Collected data entries:
(* Let $a<b$, integers $1\le p\le n$, $P_1=P_1^T\in\mathbb{R}^{n\times n}$ invertible, $P_0=-P_0^T\in\mathbb{R}^{n\times n}$, $\mathcal{X}=L^2([a,b];\mathbb{R}^n)$, $Z$ a real Hilbert space, $H\in\mathcal{L}(Z,\mathcal{X})$, $\delta t>0$ fixed, and $\mathcal{J}e=P_1\frac{de}{d\zeta}+P_0e$ for $e\in H^1([a,b];\mathbb{R}^n)$. Let $\mathcal{D}^A$ be the set of all $(\delta f_\varepsilon,\delta f_w,\delta f_\partial,e_\varepsilon,e_w,e_\partial)\in(\mathcal{X}\times Z\times\mathbb{R}^n)^2$ with $e_\varepsilon\in H^1([a,b];\mathbb{R}^n)$, $\delta f_\varepsilon=\mathcal{J}e_\varepsilon\delta t+H\delta f_w$, $\delta f_\partial=\frac{1}{\sqrt2}P_1(e_\varepsilon(b)-e_\varepsilon(a))\delta t$, $e_\partial=\frac{1}{\sqrt2}(e_\varepsilon(b)+e_\varepsilon(a))$, $e_w=H^*e_\varepsilon$, where the boundary ports are split as $\delta f_\partial=(\delta f_{\partial,n-p},f_p)$, $e_\partial=(e_{\partial,n-p},e_p)$ with $\delta f_{\partial,n-p},e_{\partial,n-p}\in\mathbb{R}^{n-p}$ and $f_p,e_p\in\mathbb{R}^p$. Let $\mathcal{F}_3,\mathcal{E}_3$ be real Hilbert spaces, $j_3:\mathcal{F}_3\to\mathcal{E}_3$ a unitary invertible linear map, and let $\mathcal{D}^B\subset(\mathcal{F}_3\times\mathbb{R}^p)\times(\mathcal{E}_3\times\mathbb{R}^p)$ be a Dirac structure with respect to the pairing $\langle(f^B,f,e^B,e),(\tilde f^B,\tilde f,\tilde e^B,\tilde e)\rangle=\langle f^B,j_3^{-1}\tilde e^B\rangle+\langle e^B,j_3\tilde f^B\rangle-\langle f,\tilde e\rangle-\langle e,\tilde f\rangle$. Define the composition $\mathcal{D}^A\circ\mathcal{D}^B$ as the set of all $(\delta f^A,f^B,e^A,e^B)$ with $\delta f^A=(\delta f_\varepsilon,\delta f_w,\delta f_{\partial,n-p})$, $e^A=(e_\varepsilon,e_w,e_{\partial,n-p})$, $f^B\in\mathcal{F}_3$, $e^B\in\mathcal{E}_3$, for which there exist $f_p,e_p\in\mathbb{R}^p$ with $(\delta f^A,f_p,e^A,e_p)\in\mathcal{D}^A$ and $(f^B,-f_p,e^B,e_p)\in\mathcal{D}^B$, and equip it with the pairing $$\langle\mathfrak{d},\tilde{\mathfrak{d}}\rangle_\dagger=\langle\delta f_\varepsilon,\tilde e_\varepsilon\rangle-\langle\delta f_w,\tilde e_w\rangle-\langle\delta f_{\partial,n-p},\tilde e_{\partial,n-p}\rangle+\langle f^B,j_3^{-1}\tilde e^B\rangle+\langle e_\varepsilon,\delta\tilde f_\varepsilon\rangle-\langle e_w,\delta\tilde f_w\rangle-\langle e_{\partial,n-p},\delta\tilde f_{\partial,n-p}\rangle+\langle e^B,j_3\tilde f^B\rangle.$$ Then $\langle\mathfrak{d},\mathfrak{d}\rangle_\dagger=0$ for every $\mathfrak{d}\in\mathcal{D}^A\circ\mathcal{D}^B$.
   Context: Inner products on $\mathcal{X}$ are the standard $L^2$ ones and $H^*$ is the $L^2$-adjoint of $H$. A Dirac structure with respect to a symmetric bilinear pairing on a bond space is a linear subspace equal to its orthogonal complement with respect to that pairing. $\mathcal{D}^A$ is the stochastic port-Hamiltonian Dirac structure, split into the part $\mathcal{X}\times Z\times\mathbb{R}^{n-p}$ (with $j_1=\mathrm{diag}(I_\mathcal{X},-I_Z,-I_{\mathbb{R}^{n-p}})$) and the interconnection part $\mathbb{R}^p$ (with $j_2=-I_{\mathbb{R}^p}$); the interconnection of $\mathcal{D}^A$ and $\mathcal{D}^B$ is through the $p$ boundary ports $f_p,e_p$. *)

theory Defs
  imports "HOL-Analysis.Analysis" "Jordan_Normal_Form.Matrix"
begin

text \<open>Vectors of R^k are JNF vectors in carrier_vec k; elements of
  X = L^2([a,b];R^n) are represented by functions real => real vec.\<close>

definition sq_int_on :: "real \<Rightarrow> real \<Rightarrow> (real \<Rightarrow> real) \<Rightarrow> bool" where
  "sq_int_on a b f \<longleftrightarrow> set_borel_measurable lborel {a..b} f
      \<and> set_integrable lborel {a..b} (\<lambda>x. (f x)^2)"

definition L2vec :: "real \<Rightarrow> real \<Rightarrow> nat \<Rightarrow> (real \<Rightarrow> real vec) \<Rightarrow> bool" where
  "L2vec a b n f \<longleftrightarrow> (\<forall>x\<in>{a..b}. f x \<in> carrier_vec n)
      \<and> (\<forall>i<n. sq_int_on a b (\<lambda>x. vec_index (f x) i))"

definition L2inner :: "real \<Rightarrow> real \<Rightarrow> (real \<Rightarrow> real vec) \<Rightarrow> (real \<Rightarrow> real vec) \<Rightarrow> real" where
  "L2inner a b f g = (LINT x:{a..b}|lborel. scalar_prod (f x) (g x))"

definition L2eq :: "real \<Rightarrow> real \<Rightarrow> (real \<Rightarrow> real vec) \<Rightarrow> (real \<Rightarrow> real vec) \<Rightarrow> bool" where
  "L2eq a b f g \<longleftrightarrow> (AE x in lborel. x \<in> {a..b} \<longrightarrow> f x = g x)"

text \<open>e is the (continuous) representative of an H^1([a,b];R^n) function with
  weak derivative de (an element of X):  e(x) = e(a) + int_a^x de.\<close>
definition H1_deriv :: "real \<Rightarrow> real \<Rightarrow> nat \<Rightarrow> (real \<Rightarrow> real vec) \<Rightarrow> (real \<Rightarrow> real vec) \<Rightarrow> bool" where
  "H1_deriv a b n e de \<longleftrightarrow> L2vec a b n de \<and> (\<forall>x\<in>{a..b}. e x \<in> carrier_vec n)
      \<and> (\<forall>i<n. \<forall>x\<in>{a..b}.
            vec_index (e x) i = vec_index (e a) i + (LINT t:{a..x}|lborel. vec_index (de t) i))"

definition bounded_linear_to_L2 :: "real \<Rightarrow> real \<Rightarrow> nat \<Rightarrow> ('z::real_normed_vector \<Rightarrow> real \<Rightarrow> real vec) \<Rightarrow> bool" where
  "bounded_linear_to_L2 a b n H \<longleftrightarrow> (\<forall>z. L2vec a b n (H z))
     \<and> (\<forall>z w. L2eq a b (H (z + w)) (\<lambda>x. H z x + H w x))
     \<and> (\<forall>c z. L2eq a b (H (c *\<^sub>R z)) (\<lambda>x. smult_vec c (H z x)))
     \<and> (\<exists>K. \<forall>z. sqrt (L2inner a b (H z) (H z)) \<le> K * norm z)"

text \<open>The stochastic port-Hamiltonian Dirac structure D^A, as a set of tuples
  (df_eps, df_w, df_bd, e_eps, e_w, e_bd).  The condition on e_w says e_w = H^* e_eps.\<close>
definition DA :: "real \<Rightarrow> real \<Rightarrow> nat \<Rightarrow> real mat \<Rightarrow> real mat \<Rightarrow>
    ('z::real_inner \<Rightarrow> real \<Rightarrow> real vec) \<Rightarrow> real \<Rightarrow>
    ((real \<Rightarrow> real vec) \<times> 'z \<times> real vec \<times> (real \<Rightarrow> real vec) \<times> 'z \<times> real vec) set" where
  "DA a b n P1 P0 H dt = {(df, dfw, dfb, e, ew, eb).
     L2vec a b n df \<and> dfb \<in> carrier_vec n \<and> eb \<in> carrier_vec n \<and>
     (\<exists>de. H1_deriv a b n e de \<and>
        L2eq a b df (\<lambda>x. smult_vec dt (mult_mat_vec P1 (de x) + mult_mat_vec P0 (e x)) + H dfw x)) \<and>
     dfb = smult_vec (dt / sqrt 2) (mult_mat_vec P1 (e b - e a)) \<and>
     eb = smult_vec (1 / sqrt 2) (e b + e a) \<and>
     (\<forall>z. inner z ew = L2inner a b (H z) e)}"

definition pairB :: "('f::real_inner \<Rightarrow> 'e::real_inner) \<Rightarrow>
    (('f \<times> real vec) \<times> ('e \<times> real vec)) \<Rightarrow> (('f \<times> real vec) \<times> ('e \<times> real vec)) \<Rightarrow> real" where
  "pairB j3 d d' = (case d of ((fB, f), (eB, e)) \<Rightarrow> case d' of ((fB', f'), (eB', e')) \<Rightarrow>
      inner fB (Hilbert_Choice.inv j3 eB') + inner eB (j3 fB') - scalar_prod f e' - scalar_prod e f')"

What this task involves: Take from the entries every line that has the string "lambda".

Result of the exercise:
      \<and> set_integrable lborel {a..b} (\<lambda>x. (f x)^2)"
      \<and> (\<forall>i<n. sq_int_on a b (\<lambda>x. vec_index (f x) i))"
     \<and> (\<forall>z w. L2eq a b (H (z + w)) (\<lambda>x. H z x + H w x))
     \<and> (\<forall>c z. L2eq a b (H (c *\<^sub>R z)) (\<lambda>x. smult_vec c (H z x)))
        L2eq a b df (\<lambda>x. smult_vec dt (mult_mat_vec P1 (de x) + mult_mat_vec P0 (e x)) + H dfw x)) \<and>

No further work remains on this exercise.